WORK REQUIRED:
When a line in the listing contains the string "their", pick it out and copy it.

DATA RECORDS:
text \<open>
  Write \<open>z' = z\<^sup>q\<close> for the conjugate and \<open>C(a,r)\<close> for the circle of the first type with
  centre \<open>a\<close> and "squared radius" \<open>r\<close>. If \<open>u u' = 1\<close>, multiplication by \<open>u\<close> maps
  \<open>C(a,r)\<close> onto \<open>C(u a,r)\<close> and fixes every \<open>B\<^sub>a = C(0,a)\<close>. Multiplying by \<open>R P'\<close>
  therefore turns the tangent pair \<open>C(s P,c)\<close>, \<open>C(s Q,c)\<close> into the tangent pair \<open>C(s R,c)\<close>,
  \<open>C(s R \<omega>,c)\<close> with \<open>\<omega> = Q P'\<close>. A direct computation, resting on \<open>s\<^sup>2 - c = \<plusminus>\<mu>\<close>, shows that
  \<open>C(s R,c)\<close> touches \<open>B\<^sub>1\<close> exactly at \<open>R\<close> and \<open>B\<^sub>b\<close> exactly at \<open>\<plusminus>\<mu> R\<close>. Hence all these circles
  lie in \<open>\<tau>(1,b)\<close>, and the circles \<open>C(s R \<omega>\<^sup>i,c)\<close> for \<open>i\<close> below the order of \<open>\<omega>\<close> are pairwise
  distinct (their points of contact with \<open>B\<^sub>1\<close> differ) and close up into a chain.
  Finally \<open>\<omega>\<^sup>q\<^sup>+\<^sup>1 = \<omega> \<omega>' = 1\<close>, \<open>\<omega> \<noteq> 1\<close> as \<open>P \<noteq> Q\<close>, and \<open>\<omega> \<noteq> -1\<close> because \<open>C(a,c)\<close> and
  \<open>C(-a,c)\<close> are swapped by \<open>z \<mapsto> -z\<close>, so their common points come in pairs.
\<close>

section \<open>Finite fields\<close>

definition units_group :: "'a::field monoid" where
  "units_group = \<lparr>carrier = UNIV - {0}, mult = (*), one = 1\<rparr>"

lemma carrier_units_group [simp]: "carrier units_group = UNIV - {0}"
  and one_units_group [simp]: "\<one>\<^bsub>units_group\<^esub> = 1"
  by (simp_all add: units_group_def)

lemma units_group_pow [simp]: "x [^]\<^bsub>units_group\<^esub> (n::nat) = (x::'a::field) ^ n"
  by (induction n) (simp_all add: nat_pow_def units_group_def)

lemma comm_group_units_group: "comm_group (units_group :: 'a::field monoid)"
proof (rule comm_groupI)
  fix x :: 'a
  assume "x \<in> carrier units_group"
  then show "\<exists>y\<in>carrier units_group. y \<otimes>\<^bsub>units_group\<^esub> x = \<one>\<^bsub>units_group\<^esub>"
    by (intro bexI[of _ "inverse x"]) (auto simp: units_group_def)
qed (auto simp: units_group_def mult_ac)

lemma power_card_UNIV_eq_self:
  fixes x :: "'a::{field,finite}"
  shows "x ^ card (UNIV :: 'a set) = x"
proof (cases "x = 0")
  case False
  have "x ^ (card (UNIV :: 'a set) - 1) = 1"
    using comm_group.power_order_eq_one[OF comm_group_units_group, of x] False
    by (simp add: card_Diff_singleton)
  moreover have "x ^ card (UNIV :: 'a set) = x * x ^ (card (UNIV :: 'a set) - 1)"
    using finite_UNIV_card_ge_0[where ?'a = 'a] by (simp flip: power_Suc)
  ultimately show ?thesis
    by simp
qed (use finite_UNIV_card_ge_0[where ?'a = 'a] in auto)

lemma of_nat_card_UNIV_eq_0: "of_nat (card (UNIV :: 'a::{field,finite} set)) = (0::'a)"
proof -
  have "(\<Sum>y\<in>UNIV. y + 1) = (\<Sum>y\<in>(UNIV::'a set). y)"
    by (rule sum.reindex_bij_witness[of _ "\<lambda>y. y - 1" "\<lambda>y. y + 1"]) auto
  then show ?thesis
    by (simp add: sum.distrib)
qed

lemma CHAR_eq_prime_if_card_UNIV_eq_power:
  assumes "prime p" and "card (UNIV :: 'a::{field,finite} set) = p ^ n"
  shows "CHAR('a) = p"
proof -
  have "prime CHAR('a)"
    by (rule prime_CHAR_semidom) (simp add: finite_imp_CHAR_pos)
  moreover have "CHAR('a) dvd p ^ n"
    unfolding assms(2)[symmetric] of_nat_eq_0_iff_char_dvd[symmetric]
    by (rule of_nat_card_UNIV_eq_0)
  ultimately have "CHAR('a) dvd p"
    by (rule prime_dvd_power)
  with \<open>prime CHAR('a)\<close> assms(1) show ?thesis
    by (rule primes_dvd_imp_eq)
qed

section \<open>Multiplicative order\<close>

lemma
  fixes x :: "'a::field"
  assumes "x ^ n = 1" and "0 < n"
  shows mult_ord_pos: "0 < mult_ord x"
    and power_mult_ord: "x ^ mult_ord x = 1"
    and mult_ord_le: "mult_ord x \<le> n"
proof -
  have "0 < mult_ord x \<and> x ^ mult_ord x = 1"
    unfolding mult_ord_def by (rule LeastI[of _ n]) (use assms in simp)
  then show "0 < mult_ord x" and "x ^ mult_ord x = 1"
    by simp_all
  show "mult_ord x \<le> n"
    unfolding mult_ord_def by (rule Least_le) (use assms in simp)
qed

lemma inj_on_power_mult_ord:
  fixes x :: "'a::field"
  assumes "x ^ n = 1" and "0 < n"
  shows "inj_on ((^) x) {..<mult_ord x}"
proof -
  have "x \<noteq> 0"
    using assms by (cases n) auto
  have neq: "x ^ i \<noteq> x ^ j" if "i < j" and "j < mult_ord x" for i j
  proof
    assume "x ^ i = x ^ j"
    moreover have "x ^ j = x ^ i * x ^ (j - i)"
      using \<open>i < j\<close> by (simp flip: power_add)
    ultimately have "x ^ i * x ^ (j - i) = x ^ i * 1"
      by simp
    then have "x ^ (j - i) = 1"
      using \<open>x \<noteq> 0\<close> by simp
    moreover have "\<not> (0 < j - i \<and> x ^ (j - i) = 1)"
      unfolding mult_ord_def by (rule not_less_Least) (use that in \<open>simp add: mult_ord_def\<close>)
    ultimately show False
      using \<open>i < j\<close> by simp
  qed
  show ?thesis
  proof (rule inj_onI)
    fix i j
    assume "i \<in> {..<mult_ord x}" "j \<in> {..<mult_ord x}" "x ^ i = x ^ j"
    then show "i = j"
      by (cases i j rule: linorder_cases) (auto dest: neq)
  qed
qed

---

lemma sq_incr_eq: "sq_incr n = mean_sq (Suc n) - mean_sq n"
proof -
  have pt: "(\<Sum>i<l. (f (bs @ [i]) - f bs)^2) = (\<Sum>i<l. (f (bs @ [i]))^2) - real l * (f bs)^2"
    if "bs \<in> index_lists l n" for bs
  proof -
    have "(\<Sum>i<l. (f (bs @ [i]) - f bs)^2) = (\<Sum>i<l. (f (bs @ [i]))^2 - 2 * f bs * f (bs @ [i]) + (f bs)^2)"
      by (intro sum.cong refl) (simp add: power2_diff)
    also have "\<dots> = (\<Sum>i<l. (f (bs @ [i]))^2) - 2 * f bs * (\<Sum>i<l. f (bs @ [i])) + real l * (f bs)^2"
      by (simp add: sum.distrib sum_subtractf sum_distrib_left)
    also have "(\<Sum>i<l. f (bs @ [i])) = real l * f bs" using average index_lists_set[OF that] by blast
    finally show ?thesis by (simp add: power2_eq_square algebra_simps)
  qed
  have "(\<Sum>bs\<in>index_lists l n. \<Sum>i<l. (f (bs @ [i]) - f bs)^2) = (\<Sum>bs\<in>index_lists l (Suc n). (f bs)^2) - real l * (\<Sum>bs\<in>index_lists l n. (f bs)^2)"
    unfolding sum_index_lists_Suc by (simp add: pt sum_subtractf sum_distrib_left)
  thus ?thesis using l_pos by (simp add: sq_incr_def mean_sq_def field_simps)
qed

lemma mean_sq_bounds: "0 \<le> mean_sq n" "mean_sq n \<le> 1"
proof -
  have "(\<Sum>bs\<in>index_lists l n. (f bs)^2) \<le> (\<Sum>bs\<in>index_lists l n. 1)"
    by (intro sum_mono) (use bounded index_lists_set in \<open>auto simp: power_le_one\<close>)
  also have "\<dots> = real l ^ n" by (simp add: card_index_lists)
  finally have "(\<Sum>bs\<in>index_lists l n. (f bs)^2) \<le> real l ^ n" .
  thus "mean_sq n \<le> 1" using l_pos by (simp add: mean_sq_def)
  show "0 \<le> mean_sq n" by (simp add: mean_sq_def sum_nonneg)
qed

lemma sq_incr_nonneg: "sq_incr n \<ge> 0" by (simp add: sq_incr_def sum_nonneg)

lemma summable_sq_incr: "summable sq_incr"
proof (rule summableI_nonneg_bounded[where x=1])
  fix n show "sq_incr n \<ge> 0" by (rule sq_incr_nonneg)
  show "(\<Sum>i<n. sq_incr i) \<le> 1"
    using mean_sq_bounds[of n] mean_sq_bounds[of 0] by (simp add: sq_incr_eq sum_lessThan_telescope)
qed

TASK RESPONSE:
  distinct (their points of contact with \<open>B\<^sub>1\<close> differ) and close up into a chain.
  \<open>C(-a,c)\<close> are swapped by \<open>z \<mapsto> -z\<close>, so their common points come in pairs.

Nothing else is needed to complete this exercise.